Lorsque vous avez besoin de la même région que vos testeurs CI, d'une faible probabilité de veille et d'un disque et une bande passante prévisibles pour OpenClaw et l'automatisation, les hôtes Mac cloud MACCOME offrent un plan d'exécution plus stable : commencez par les tarifs de location Mac mini, puis ouvrez la commande régionale pour Singapour, Tokyo, Séoul, Hong Kong, Virginie (US East) ou Silicon Valley (US West). Les flux de connexion sont décrits dans le centre d'aide.

Questions fréquentes

Après redémarrage : démon ou configuration en premier ?

Exécution au premier plan pour prouver que la configuration est lisible, puis revoir l'environnement et les chemins du plist ou de l'unité.
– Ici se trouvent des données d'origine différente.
lemma opt_card_roots: "F \<in> opt \<Longrightarrow> card (roots Nv F) = k"
  by (simp add: opt_iff forests_k_def ntrees_def)

lemma spanning_forest_roots_nonempty:
  assumes "spanning_forest Nv Ar F"
  shows "roots Nv F \<noteq> {}"
proof -
  obtain v where "v \<in> Nv" using Nv_nonempty by blast
  moreover have "F \<subseteq> Nv \<times> Nv" using assms Ar_subset unfolding spanning_forest_def by blast
  ultimately show ?thesis
    using finite_forest.root_of_in_roots[OF finite_forest_if_spanning[OF assms]] by blast
qed

text \<open>The gap hypothesis is a strict convexity of \<open>min_weight\<close> at \<open>k\<close>: two forests with
  \<open>k + 1\<close> and \<open>k - 1\<close> trees weigh strictly more than two optimal ones.\<close>

lemma graft_opt_if_tree_counts:
  assumes F: "F \<in> opt" and H: "H \<in> opt"
    and acyclic: "acyclic (graft F H X)" "acyclic (graft H F X)"
    and counts: "card (roots Nv (graft F H X)) = k + h" "card (roots Nv (graft H F X)) + h = k"
    and "h \<le> 1"
  shows "graft F H X \<in> opt \<and> graft H F X \<in> opt"
proof -
  let ?K = "graft F H X" and ?L = "graft H F X"
  have sf: "spanning_forest Nv Ar ?K" "spanning_forest Nv Ar ?L"
    using spanning_forest_graft opt_spanning_forest F H acyclic by blast+
  have "finite F" "finite H"
    using opt_finite_forest[OF F] opt_finite_forest[OF H] finite_forest.finite_arcs by blast+
  then have sum: "weight w ?K + weight w ?L = 2 * min_weight k"
    using weight_graft[of F H w X] F H by (simp add: opt_iff)
  have "h = 0"
  proof (rule ccontr)
    assume "h \<noteq> 0"
    with \<open>h \<le> 1\<close> have h: "h = 1" by simp
    have "card (roots Nv ?L) \<noteq> 0"
      using spanning_forest_roots_nonempty[OF sf(2)] finite_Nv by (simp add: roots_def)
    with counts(2) h have "k - 1 \<noteq> 0" by simp
    with gap have "min_weight (k - 1) - min_weight k > min_weight k - min_weight (k + 1)"
      using k_pos by (simp add: phi_eq_min_weight)
    moreover have "?K \<in> forests_k Nv Ar (k + 1)" "?L \<in> forests_k Nv Ar (k - 1)"
      using sf counts h by (simp_all add: forests_k_def ntrees_def)
    then have "min_weight (k + 1) \<le> weight w ?K" "min_weight (k - 1) \<le> weight w ?L"
      by (simp_all add: min_weight_le)
    ultimately show False using sum by linarith
  qed
  then have "?K \<in> forests_k Nv Ar k" "?L \<in> forests_k Nv Ar k"
    using sf counts by (simp_all add: forests_k_def ntrees_def)
  with sum show ?thesis
    using min_weight_le[of ?K k] min_weight_le[of ?L k] by (simp add: opt_iff)
qed

lemma graft_pair_opt:
  assumes F: "F \<in> opt" and H: "H \<in> opt"
    and acyclic: "acyclic (graft F H X)" "acyclic (graft H F X)"
    and roots: "roots Nv F \<inter> X = {}" "roots Nv H \<inter> X \<subseteq> {r}"
  shows "graft F H X \<in> opt \<and> graft H F X \<in> opt"
proof (rule graft_opt_if_tree_counts[OF F H acyclic])
  show "card (roots Nv H \<inter> X) \<le> 1"
    using card_mono[OF _ roots(2)] by simp
  show "card (roots Nv (graft F H X)) = k + card (roots Nv H \<inter> X)"
    using card_roots_graft(1)[OF finite_Nv roots(1)] opt_card_roots[OF F] by simp
  show "card (roots Nv (graft H F X)) + card (roots Nv H \<inter> X) = k"
    using card_roots_graft(2)[OF finite_Nv roots(1)] opt_card_roots[OF H] by simp
qed

lemma graft_subtree_opt:
  assumes F: "F \<in> opt" and H: "H \<in> opt" and bc: "(b, c) \<in> F"
    and sep: "root_of H c \<noteq> root_of H b"
  defines "X \<equiv> subtree_verts Nv F b \<inter> {v. root_of H v = root_of H b}"
  shows "graft F H X \<in> opt \<and> graft H F X \<in> opt"
proof (rule graft_pair_opt[OF F H])
  note forests = opt_finite_forest[OF F] opt_finite_forest[OF H] opt_subset[OF F]
  show "acyclic (graft F H X)"
    unfolding X_def by (rule acyclic_graft_subtree[OF forests])
  show "acyclic (graft H F X)"
    unfolding X_def by (rule acyclic_graft_subtree_swap[OF forests bc sep])
  show "roots Nv F \<inter> X = {}"
  proof (rule ccontr)
    assume "roots Nv F \<inter> X \<noteq> {}"
    then obtain v where "v \<notin> Domain F" "(v, b) \<in> F\<^sup>*"
      by (auto simp: roots_eq X_def)
    then have "b \<notin> Domain F" using rtrancl_from_sink by metis
    with bc show False by blast
  qed
  show "roots Nv H \<inter> X \<subseteq> {root_of H b}"
    using finite_forest.root_of_sink[OF forests(2)] by (auto simp: roots_eq X_def)
qed

end

section \<open>Atoms\<close>

locale atom_setting = gap_setting +
  fixes U :: "'a set"
  assumes atom: "is_atom (alg_k Nv Ar w k) U"
begin

lemma U_in_alg_k: "U \<in> alg_k Nv Ar w k"
  using atom by (simp add: is_atom_def)

lemma atom_minimal: "V \<in> alg_k Nv Ar w k \<Longrightarrow> V \<noteq> {} \<Longrightarrow> V \<subseteq> U \<Longrightarrow> V = U"
  using atom by (simp add: is_atom_def)

lemma U_subset: "U \<subseteq> Nv"
  using U_in_alg_k algebra_alg_k unfolding algebra_iff_Un by blast

lemma atom_in_one_tree:
  assumes G: "G \<in> opt" and u: "u \<in> U" and u': "u' \<in> U"
  shows "root_of G u' = root_of G u"
proof -
  interpret G: finite_forest G by (rule opt_finite_forest[OF G])
  interpret alg: algebra Nv "alg_k Nv Ar w k" by (rule algebra_alg_k)
  define r where "r = root_of G u"
  have uN: "u \<in> Nv" using u U_subset by blast
  let ?S = "subtree_verts Nv G r"
  have "?S \<in> alg_k Nv Ar w k"
    using subtree_in_alg_k[OF G G.root_of_in_roots[OF opt_subset[OF G] uN]] by (simp add: r_def)
  then have "U \<inter> ?S \<in> alg_k Nv Ar w k" using U_in_alg_k by blast
  moreover have "(u, r) \<in> G\<^sup>*" unfolding r_def by (rule G.root_of_path)
  with u uN have "u \<in> U \<inter> ?S" by simp
  ultimately have "U \<inter> ?S = U" by (intro atom_minimal) auto
  with u' have "(u', r) \<in> G\<^sup>*" by auto
  then show ?thesis using G.root_of_eqI G.root_of_not_Domain by (simp add: r_def)
qed

lemma atom_separated:
  assumes y: "y \<in> Nv" "y \<notin> U" and u: "u \<in> U"
  shows "\<exists>G\<in>opt. root_of G y \<noteq> root_of G u"
proof (rule ccontr)
  assume "\<not> ?thesis"
  then have same: "\<forall>G\<in>opt. root_of G u = root_of G y" by auto
  define M where
    "M = {S. S \<subseteq> Nv \<and> (\<forall>a\<in>S. \<forall>b\<in>Nv. (\<forall>G\<in>opt. root_of G a = root_of G b) \<longrightarrow> b \<in> S)}"
  have "algebra Nv M"
  proof (rule algebra_iff_Un[THEN iffD2], intro conjI ballI)
    show "M \<subseteq> Pow Nv" "{} \<in> M" unfolding M_def by auto
    show "Nv - a \<in> M" if "a \<in> M" for a
      using that unfolding M_def by (auto simp: Ball_def)
    show "a \<union> b \<in> M" if "a \<in> M" "b \<in> M" for a b
      using that unfolding M_def by blast
  qed
  moreover have "subtree_verts Nv G r \<in> M" if G: "G \<in> opt" and r: "r \<in> roots Nv G" for G r
  proof -
    interpret G: finite_forest G by (rule opt_finite_forest[OF G])
    have r_sink: "r \<notin> Domain G" using r by (simp add: roots_eq)
    have "b \<in> subtree_verts Nv G r"
      if "a \<in> subtree_verts Nv G r" "b \<in> Nv" "\<forall>G\<in>opt. root_of G a = root_of G b" for a b
    proof -
      have "root_of G a = r" using that(1) G.root_of_eqI[OF _ r_sink] by simp
      then have "root_of G b = r" using that(3) G by simp
      then show ?thesis using that(2) G.root_of_path[of b] by simp
    qed
    then show ?thesis unfolding M_def by auto
  qed
  ultimately have "alg_k Nv Ar w k \<subseteq> M" by (rule alg_k_least)
  then have "U \<in> M" using U_in_alg_k by blast
  with u y same show False unfolding M_def by blast
qed

lemma in_tails_subset: "K \<in> opt \<Longrightarrow> in_tails U K \<subseteq> Nv"
  using opt_subset unfolding in_tails_def by blast

lemma remove_in_tail:
  assumes K: "K \<in> opt" and bx: "(\<beta>, x) \<in> K" and x: "x \<in> U" and b: "\<beta> \<notin> U"
  shows "\<exists>K'\<in>opt. (\<forall>v. v \<in> U \<or> v \<notin> subtree_verts Nv K \<beta> \<longrightarrow> out_arcs K' v = out_arcs K v)
    \<and> (\<forall>u\<in>U. root_of K' u = root_of K u) \<and> in_tails U K' \<subseteq> in_tails U K - {\<beta>}"
proof -
  interpret K: finite_forest K by (rule opt_finite_forest[OF K])
  have bN: "\<beta> \<in> Nv" using opt_subset[OF K] bx by blast
  obtain H where H: "H \<in> opt" and sep: "root_of H \<beta> \<noteq> root_of H x"
    using atom_separated[OF bN b x] by blast
  interpret H: finite_forest H by (rule opt_finite_forest[OF H])
  define X where "X = subtree_verts Nv K \<beta> \<inter> {v. root_of H v = root_of H \<beta>}"
  define K' where "K' = graft K H X"
  have K': "K' \<in> opt"
    using graft_subtree_opt[OF K H bx sep[symmetric]] unfolding K'_def X_def by blast
  have U_X: "v \<notin> X" if "v \<in> U" for v
    using atom_in_one_tree[OF H x that] sep by (simp add: X_def)
  have agree: "out_arcs K' v = out_arcs K v" if "v \<notin> X" for v
    using that by (simp add: K'_def out_arcs_graft)
  have "\<beta> \<in> X" using bN by (simp add: X_def)
  have tails: "in_tails U K' \<subseteq> in_tails U K - {\<beta>}"
  proof
    fix v assume "v \<in> in_tails U K'"
    then obtain w where vw: "(v, w) \<in> K'" and w: "w \<in> U" and v: "v \<notin> U"
      unfolding in_tails_def by blast
    have "v \<notin> X"
    proof
      assume vX: "v \<in> X"
      then have "(v, w) \<in> H" using vw by (simp add: K'_def graft_iff)
      with vX have "root_of H w = root_of H \<beta>" using H.root_of_arc[of v w] by (simp add: X_def)
      with atom_in_one_tree[OF H x w] sep show False by simp
    qed
    with vw have "(v, w) \<in> K" by (simp add: K'_def graft_iff)
    with w v \<open>v \<notin> X\<close> \<open>\<beta> \<in> X\<close> show "v \<in> in_tails U K - {\<beta>}"
      unfolding in_tails_def by blast
  qed
  have "root_of K' x = root_of K x"
  proof (rule root_of_agree[OF opt_finite_forest[OF K] opt_finite_forest[OF K']])
    fix z assume "(x, z) \<in> K\<^sup>*"
    with K.no_path_back[OF bx] have "z \<notin> X" by (auto simp: X_def intro: rtrancl_trans)
    then show "out_arcs K' z = out_arcs K z" by (rule agree)
  qed
  then have "\<forall>u\<in>U. root_of K' u = root_of K u"
    using atom_in_one_tree[OF K' x] atom_in_one_tree[OF K x] by simp
  moreover have "out_arcs K' v = out_arcs K v" if "v \<in> U \<or> v \<notin> subtree_verts Nv K \<beta>" for v
    using that U_X agree by (auto simp: X_def)
  ultimately show ?thesis using K' tails by blast
qed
Étapes d'installation complémentaires dans le guide de dépannage doctor.

Les journaux peuvent-ils remplir le disque ?

Oui—courant sans surveillance. Ajoutez rotation, alertes et masquage en pipeline. Comparez les paliers sur les tarifs de location Mac mini.

L'interface se charge mais pas de réponses ?

Trier modèle, canal, puis file—ne pas seulement redémarrer. Croiser avec la checklist de dépannage des canaux.

Le Mac distant se met souvent en veille ?

Ajuster l'alimentation et s'appuyer sur les superviseurs pour relancer ; confirmer les fenêtres de maintenance côté fournisseur. Recherche par mot-clé dans le centre d'aide pour la connectivité.